Daniel Waters Exactly As Bitter As We’d Expect the Writer of ‘Heathers’ Would Be

Daniel WatersPhoto by Irfan Khan; courtesy of latimes.com
The question is not Is Daniel Waters bitter? Rather, it's What is Daniel Waters bitterest about?
His inability to have fun in college?
"I had to make a decision [at McGill University]: I was going to learn to enjoy Godard, or I was going to drink beer and have sex and have a great college experience. And I chose Godard."
The directors who screwed up his movies?
According to Waters, The Adventures of Ford Fairlane was undercut by "the Nordic comedy stylings of Renny Harlin."
His brother, who can direct any old piece of shit?
Waters says his brother is a little more adept than he at working within the studio system: "I can't start writing unless it's got, whether misguided or not, a philosophical payload," says Waters. "My brother is much better at that.

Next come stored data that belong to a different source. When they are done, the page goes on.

(* Let $X$ be a set, $\mathcal{F}\subseteq\mathcal{P}(X)$ a field, $\mathcal{E}\subseteq\mathcal{F}$ an arbitrary subset, and $(\mu^+,\mu^-)$ a conjugate pair of set functions on $\mathcal{F}$ such that $\mu^+(A)=\mu^-(A)$ for all $A\in\mathcal{E}$. Then the pseudometric space $(\mathcal{E}, d_{\mu^+})$ is complete if and only if the following condition holds: for every sequence $(A_i)_{i\in\mathbb{N}}$ in $\mathcal{E}$ such that the nets $\{\mu^+(\bigcup_{k=i}^j A_k): i,j\in\mathbb{N}, i\le j\}$ and $\{\mu^-(\bigcup_{k=i}^j A_k): i,j\in\mathbb{N}, i\le j\}$ converge to a common limit $L$, the net $\{\bigcup_{k=i}^j A_k: i,j\in\mathbb{N}, i\le j\}$ converges in $d_{\mu^+}$ to some $A\in\mathcal{E}$ with $\mu^+(A)=L$.
   Context: A field is a family of subsets of $X$ containing $\emptyset$ and closed under complements and finite unions. $I_A$ denotes the indicator function of $A$. Consider $\mu^+,\mu^-:\mathcal{F}\to[0,1]$ with $\mu^\pm(\emptyset)=0$ and $\mu^\pm(X)=1$. $\mu^+$ is subadditive if $I_A\le I_B+I_C\implies \mu^+(A)\le\mu^+(B)+\mu^+(C)$; $\mu^-$ is superadditive if $I_A\ge I_B+I_C\implies\mu^-(A)\ge\mu^-(B)+\mu^-(C)$; $\mu^-$ is co-subadditive with respect to $\mu^+$ if $I_A\le I_B+I_C\implies\mu^-(A)\le\mu^-(B)+\mu^+(C)$; $\mu^+$ is co-superadditive with respect to $\mu^-$ if $I_A\ge I_B+I_C\implies\mu^+(A)\ge\mu^+(B)+\mu^-(C)$ (all for $A,B,C\in\mathcal{F}$). The pair $(\mu^+,\mu^-)$ is conjugate if all four properties hold. For subadditive $\mu^+$, $d_{\mu^+}(A,B):=\mu^+(A\triangle B)$ is a pseudometric on $\mathcal{F}$ (restricted to $\mathcal{E}$ here). The index set $\{(i,j): i\le j\}$ is directed by the product order $(i,j)\le(k,l)\iff i\le k$ and $j\le l$. *)

theory Defs
  imports "HOL-Library.Indicator_Function"
begin

definition field_of_sets :: "'a set \<Rightarrow> 'a set set \<Rightarrow> bool" where
  "field_of_sets X F \<longleftrightarrow> F \<subseteq> Pow X \<and> {} \<in> F \<and>
     (\<forall>A\<in>F. X - A \<in> F) \<and> (\<forall>A\<in>F. \<forall>B\<in>F. A \<union> B \<in> F)"

definition subadditive :: "'a set \<Rightarrow> 'a set set \<Rightarrow> ('a set \<Rightarrow> real) \<Rightarrow> bool" where
  "subadditive X F mp \<longleftrightarrow> (\<forall>A\<in>F. \<forall>B\<in>F. \<forall>C\<in>F.
     (\<forall>x\<in>X. (indicator A x :: real) \<le> indicator B x + indicator C x) \<longrightarrow> mp A \<le> mp B + mp C)"
text \<open>Update of lam with respect to the vertex set S (= V^{\<ge> J_n}).\<close>
definition upd :: "qgame \<Rightarrow> (xvert \<Rightarrow> enat) \<Rightarrow> xvert set \<Rightarrow> xvert \<Rightarrow> enat" where
  "upd G lam S u =
     (if u \<in> S then
        (let i = owner G (fst u) in
          if i \<in> snd u then 0
          else 1 + (INF u'\<in>{u'. (u, u') \<in> XE G}.
                      SUP \<rho>\<in>{\<rho>. is_play G \<rho> \<and> \<rho> 0 = u' \<and> consistent G lam \<rho>}. xcost i \<rho>))
      else lam u)"

primrec lseq :: "qgame \<Rightarrow> (nat \<Rightarrow> nat set) \<Rightarrow> nat \<Rightarrow> (xvert \<Rightarrow> enat) \<times> nat" where
  "lseq G J 0 = (lam0 G, Nidx G)"
| "lseq G J (Suc k) =
     (let l = fst (lseq G J k); n = snd (lseq G J k); l' = upd G l (Vge G J n)
      in (l', if l' = l \<and> n > 1 then n - 1 else n))"

definition lam :: "qgame \<Rightarrow> (nat \<Rightarrow> nat set) \<Rightarrow> nat \<Rightarrow> xvert \<Rightarrow> enat" where
  "lam G J k = fst (lseq G J k)"

definition mR :: "(xvert \<Rightarrow> enat) \<Rightarrow> xvert set \<Rightarrow> nat" where
  "mR f S = Max (insert 0 {the_enat (f u) | u. u \<in> S \<and> f u \<noteq> \<infinity>})"

end

theory Submission
  imports Defs
begin

(* A finite label lambda^(k+1)(u) at a vertex whose owner i has not yet reached its target is one
   plus the worst cost for i of the lambda^k-consistent plays from some successor u', all of which
   reach F_i. Call a time t of such a play settled if every player owning a finitely labelled
   vertex visited up to t has reached its own target by t. Before F_i is reached, settled times
   carry pairwise distinct vertices: looping between a repetition would give a consistent play
   from u' that avoids F_i. An unsettled time lies at most B steps before the first target visit
   of some player, where B bounds the finite labels of the vertices the play can visit, i.e. of
   those w with I(u) contained in I(w). Hence the new label is at most 1 + |V^X| + |Pi| B.

   Labels only decrease along the sequence. Ranking w by (|Pi| - |I(w)|) |V| plus the number of
   finitely labelled vertices in its layer I(w), all those w rank strictly below u once u gets its
   first finite label. So the finite labels are bounded by iterating x |-> 1 + |V^X| + |Pi| x
   at most (|Pi| + 1) |V| times, which is below |V|^((|V|+3)(|Pi|+2)). *)

lemma XE_snd_mono: "(x, y) \<in> XE G \<Longrightarrow> snd x \<subseteq> snd y"
  by (cases x; cases y) (auto simp: XE_def)

lemma XE_in_XV: "wf_game G \<Longrightarrow> (x, y) \<in> XE G \<Longrightarrow> x \<in> XV G \<and> y \<in> XV G"
  by (cases x; cases y) (auto simp: XE_def XV_def wf_game_def)

lemma Reach_subset_XV:
  assumes wf: "wf_game G"
  shows "Reach G \<subseteq> XV G"
proof
  fix u assume "u \<in> Reach G"
  then have "(x0 G, u) \<in> (XE G)\<^sup>*" by (simp add: Reach_def)
  then show "u \<in> XV G"
  proof (induction rule: rtrancl_induct)
    case base show ?case using wf by (auto simp: x0_def XV_def wf_game_def)
  next
    case (step y z) then show ?case using XE_in_XV[OF wf] by blast
  qed
qed

lemma finite_XV: "wf_game G \<Longrightarrow> finite (XV G)"
  by (simp add: XV_def wf_game_def)

lemma card_XV: "wf_game G \<Longrightarrow> card (XV G) = card (verts G) * 2 ^ card (players G)"
  by (simp add: XV_def card_cartesian_product card_Pow wf_game_def)

lemma is_play_in_XV: "wf_game G \<Longrightarrow> is_play G \<rho> \<Longrightarrow> \<rho> n \<in> XV G"
  using XE_in_XV unfolding is_play_def by blast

My favorite story is I walked into a restaurant and my brother was on a cellphone, and he said, 'No, I love the idea of Tom Cruise as the dog.' I don't know, and I don't want to know. I just don't have that Wallace Beery wrestling picture kind of gene."

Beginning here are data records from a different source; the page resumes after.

(* Let $(q_n)_{n \ge 1}$ be a sequence of positive rational numbers, and let $(p_n)_{n \ge 1}$ be a sequence of prime numbers such that, for every $n \in \mathbb{N}$, $p_n \mid \mathsf{d}(q_n)$ and $p_n \nmid \mathsf{d}(q_k)$ for every $k \neq n$. Then the Puiseux monoid $M = \langle q_n \mid n \in \mathbb{N} \rangle$ is a length-finite-factorization monoid (LFFM).
   Context: For a positive rational $r$ in lowest terms $n/d$, $\mathsf{d}(r) := d$. A Puiseux monoid is an additive submonoid of $(\mathbb{Q}_{\ge 0},+)$. An atom of $M$ is a nonzero element $a$ such that $a=x+y$ with $x,y\in M$ forces $x=0$ or $y=0$; $M$ is atomic if each element is a finite sum of atoms. For nonzero $x \in M$, a factorization of $x$ is a formal (unordered) sum $a_1+\dots+a_\ell$ of atoms whose value is $x$, of length $\ell$; $\mathsf{Z}(x,\ell)$ denotes the set of factorizations of $x$ of length $\ell$. $M$ is an LFFM if $M$ is atomic and $\mathsf{Z}(x,\ell)$ is finite for every nonzero $x \in M$ and every $\ell \in \mathbb{N}$. *)

theory Defs
  imports Complex_Main "HOL-Library.Multiset" "HOL-Computational_Algebra.Primes"
begin

definition den :: "rat \<Rightarrow> nat" where
  "den r = nat (snd (quotient_of r))"

definition puiseux_monoid :: "rat set \<Rightarrow> bool" where
  "puiseux_monoid M \<longleftrightarrow> M \<subseteq> {x. x \<ge> 0} \<and> 0 \<in> M \<and> (\<forall>x\<in>M. \<forall>y\<in>M. x + y \<in> M)"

Orson Welles, who died in the house Waters lives in (and whose outline Waters has traced in masking tape on the floor)?
"I bought the house because I wanted to get that 'Citizen Kane' mojo," says Waters. "Instead I'm getting the end of [Welles'] career, the hanging out with Henry Jaglom, doing wine commercials and magic tricks part of his life. I mean, I enjoy my life, but come on — where's my 'Touch of Evil'?"

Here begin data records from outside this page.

(* Let $n\ge1$ and $D_n^{(\mathsf{cyc},\mathsf{exc})}(q,t)=\sum_{\sigma\in\mathfrak{D}_n}q^{\mathsf{cyc}\,\sigma}t^{\mathsf{exc}\,\sigma}$. Then $$D_{n}^{(\mathsf{cyc}, \mathsf{exc})}(q, t)=\left(\frac{1+xt}{1+x}\right)^{n}P^{(\mathsf{cyc}, \mathsf{cpk},\mathsf{exc})}\left(\mathfrak{D}_n; q, \frac{(1+x)^{2}t}{(x+t)(1+xt)},\frac{x+t}{1+xt}\right),$$ equivalently, $$P^{(\mathsf{cyc}, \mathsf{cpk},\mathsf{exc})}(\mathfrak{D}_n; q, x,t)=\left(\frac{1+u}{1+uv}\right)^{n}D_{n}^{(\mathsf{cyc}, \mathsf{exc})}(q, v),$$ where $u=\frac{1+t^{2}-2xt-(1-t)\sqrt{(1+t)^{2}-4xt}}{2(1-x)t}$ and $v=\frac{(1+t)^{2}-2xt-(1+t)\sqrt{(1+t)^{2}-4xt}}{2xt}$.
   Context: $\mathfrak{D}_n$ is the set of derangements of $[n]$ (permutations with no fixed point). $P^{(\mathsf{stat}_1,\ldots,\mathsf{stat}_m)}(\Omega;t_1,\ldots,t_m)=\sum_{\sigma\in\Omega}\prod_j t_j^{\mathsf{stat}_j\sigma}$. For a permutation $\sigma$: $\mathsf{cyc}\,\sigma$ is its number of cycles, $\mathsf{exc}\,\sigma=\#\{i:\sigma(i)>i\}$, and $\mathsf{cpk}\,\sigma$ is the number of cyclic peaks, i.e. values $x$ with $\sigma^{-1}(x)<x>\sigma(x)$. *)

theory Defs
  imports Complex_Main "HOL-Combinatorics.Permutations" "HOL-Combinatorics.Orbits"
begin

definition derangements :: "nat \<Rightarrow> (nat \<Rightarrow> nat) set" where
  "derangements n = {\<sigma>. \<sigma> permutes {1..n} \<and> (\<forall>i\<in>{1..n}. \<sigma> i \<noteq> i)}"

definition cyc :: "nat \<Rightarrow> (nat \<Rightarrow> nat) \<Rightarrow> nat" where
  "cyc n \<sigma> = card ((\<lambda>i. orbit \<sigma> i) ` {1..n})"

definition exc :: "nat \<Rightarrow> (nat \<Rightarrow> nat) \<Rightarrow> nat" where
  "exc n \<sigma> = card {i\<in>{1..n}. \<sigma> i > i}"

definition cpk :: "nat \<Rightarrow> (nat \<Rightarrow> nat) \<Rightarrow> nat" where
  "cpk n \<sigma> = card {x\<in>{1..n}. inv \<sigma> x < x \<and> \<sigma> x < x}"

end

theory Submission
  imports Defs
begin

text \<open>
  Every value z of a derangement is a cyclic peak, a cyclic valley, a cyclic double ascent
  (cda: \<open>inv \<sigma> z < z < \<sigma> z\<close>) or a cyclic double descent (cdd: \<open>\<sigma> z < z < inv \<sigma> z\<close>).
  Cyclic valley hopping at a cdd k moves k forward along its cycle to just before the first
  later element exceeding k. This turns k into a cda and changes neither the cycles, nor the
  cyclic peaks, nor the type of any other value, and it is a bijection between the
  derangements with a cdd at k and those with a cda at k. Hence the sum over derangements of
  q^cyc w^cpk times the product of f over the cda and of g over the cdd depends on the
  position weights f, g only through f + g. Since exc = cpk + #cda and
  n = 2 cpk + #cda + #cdd, both sides of the theorem are such sums, with constant weights
  (t, 1) and ((x + t)/(1 + x), (1 + x t)/(1 + x)); both pairs add up to 1 + t.
\<close>

section \<open>Moving an element within its cycle\<close>

text \<open>In cycle notation, \<open>move_after \<sigma> k w\<close> deletes k from its cycle and reinserts it directly
  after w.\<close>

definition move_after :: "('a \<Rightarrow> 'a) \<Rightarrow> 'a \<Rightarrow> 'a \<Rightarrow> 'a \<Rightarrow> 'a" where
  "move_after \<sigma> k w = \<sigma>(inv \<sigma> k := \<sigma> k, w := k, k := \<sigma> w)"

lemma move_after_inverses:
  assumes "bij \<sigma>" "\<sigma> k \<noteq> k" "w \<noteq> k" "\<sigma> w \<noteq> k"
  shows "move_after \<sigma> k w \<circ> move_after (inv \<sigma>) k (\<sigma> w) = id"
    and "move_after (inv \<sigma>) k (\<sigma> w) \<circ> move_after \<sigma> k w = id"
proof -
  have inv: "\<And>x. inv \<sigma> (\<sigma> x) = x" "\<And>x. \<sigma> (inv \<sigma> x) = x" "inv (inv \<sigma>) = \<sigma>"
    using assms(1) by (simp_all add: bij_is_inj bij_is_surj surj_f_inv_f inv_inv_eq)
  have inj: "\<And>x y. \<sigma> x = \<sigma> y \<longleftrightarrow> x = y" "\<And>x y. inv \<sigma> x = inv \<sigma> y \<longleftrightarrow> x = y"
    using assms(1) bij_imp_bij_inv[OF assms(1)] by (simp_all add: bij_is_inj inj_eq)
  have "inv \<sigma> k \<noteq> k" "inv \<sigma> k \<noteq> w" "\<sigma> k \<noteq> \<sigma> w"
    using assms(2-4) inv by metis+
  then show "move_after \<sigma> k w \<circ> move_after (inv \<sigma>) k (\<sigma> w) = id"
    and "move_after (inv \<sigma>) k (\<sigma> w) \<circ> move_after \<sigma> k w = id"
    using assms(2-4) inv inj by (auto simp: fun_eq_iff move_after_def)
qed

His own botching of his career?
Here's where the profile takes a dark, Heathersian turn. Speaking of his new film, Sex and Death 101, Waters muses, "You kid yourself into thinking, 'I'm going to do one for them and one for me,' and then you realize they're all for them. So I came to this point where I realized I hadn't really written anything — I don't even have that drawer full of Orson Welles projects that never got made. Sex and Death 101 came out of just wanting something in the drawer, so that when I'm dangling from a noose above it, there it is."